I know, but you’re vasilating between two phraseologies, which are both different from mine. You’ve said “to show the safety is the same as air travel.” And now you’ve said “the risk of space travel and air travel are similar?” I said “nearing.”

“Nearing” ≠ “the same as.”

“The same as” ≠ “similar.”

Your first use was an absolute comparison that I never made. Your recent phrasing of “similar” is a more fair representation of what I said, but still not right:

Spacefaring is in its tween years and is only nearing commercial travel, as it is so vastly more expensive and technologically difficult. The developmental progress of one does however parallel the other, even if spacefaring is behind the curve for the reasons stated.
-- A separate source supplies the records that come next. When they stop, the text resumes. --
lemma phi_map_bimod_act:
  fixes v1 v2 :: "'g \<Rightarrow> 'k::field"
  assumes gl: "group_like_graph G A s t l r" and a: "a \<in> A"
    and v: "v1 \<in> fsfun (carrier G)" "v2 \<in> fsfun (carrier G)"
  shows "phi_map s t (bimod_act l r v1 a v2)
     = conv G (conv G v1 (\<lambda>x. delta (t a) x - delta (s a) x)) v2"
proof
  fix x
  have f: "finite (supp v1)" "finite (supp v2)"
    and c: "supp v1 \<subseteq> carrier G" "supp v2 \<subseteq> carrier G"
    using v by (auto simp: fsfun_def)
  have equivariant: "s (l g (r a h)) = g \<otimes>\<^bsub>G\<^esub> s a \<otimes>\<^bsub>G\<^esub> h"
      "t (l g (r a h)) = g \<otimes>\<^bsub>G\<^esub> t a \<otimes>\<^bsub>G\<^esub> h"
    if "g \<in> carrier G" "h \<in> carrier G" for g h
    using gl a that unfolding group_like_graph_def by blast+
  have delta: "finite (supp (delta q :: 'g \<Rightarrow> 'k))" for q by (simp add: supp_delta)
  have "conv G (conv G v1 (\<lambda>x. delta (t a) x - delta (s a) x)) v2 x
      = conv G (conv G v1 (delta (t a))) v2 x - conv G (conv G v1 (delta (s a))) v2 x"
    by (simp add: fs_linear_diff[OF fs_linear_conv_right[OF f(1)] delta delta]
        fs_linear_diff[OF fs_linear_conv_left[OF f(2)] finite_supp_conv finite_supp_conv] f delta)
  also have "\<dots> = phi_map s t (bimod_act l r v1 a v2) x"
    unfolding phi_map_bimod_act_expand[OF f] conv_conv_delta_middle[OF f] sum_subtractf[symmetric]
    using c by (intro sum.cong refl) (auto simp: equivariant subset_eq delta_def)
  finally show "phi_map s t (bimod_act l r v1 a v2) x
      = conv G (conv G v1 (\<lambda>x. delta (t a) x - delta (s a) x)) v2 x" ..
qed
It took ~a decade after the Wright Flyer for the first airlines to come around. But airlines didn’t get big until ~50 years later. The first “spaceline” is yet to be, 60+ years after the first manned space flight. But we can see how the two modes of travel do relate in terms of “ability to cost” ratio.

We are only now beginning to see mass space travel as a theoretical possibility on the horizon. As the systems improve and the volume of space passengers looks to skyrocket in the mid-term, we can see that spacefaring is on a trajectory to have numbers close to where commercial air was in its tween years. That’s the “nearing“ part.

It’s not there now, but 20 years without a fatality is a good place to be to match commercial airs’ safety rating and the space passenger capacity looks like it will dwarf the current number of those that have been to space.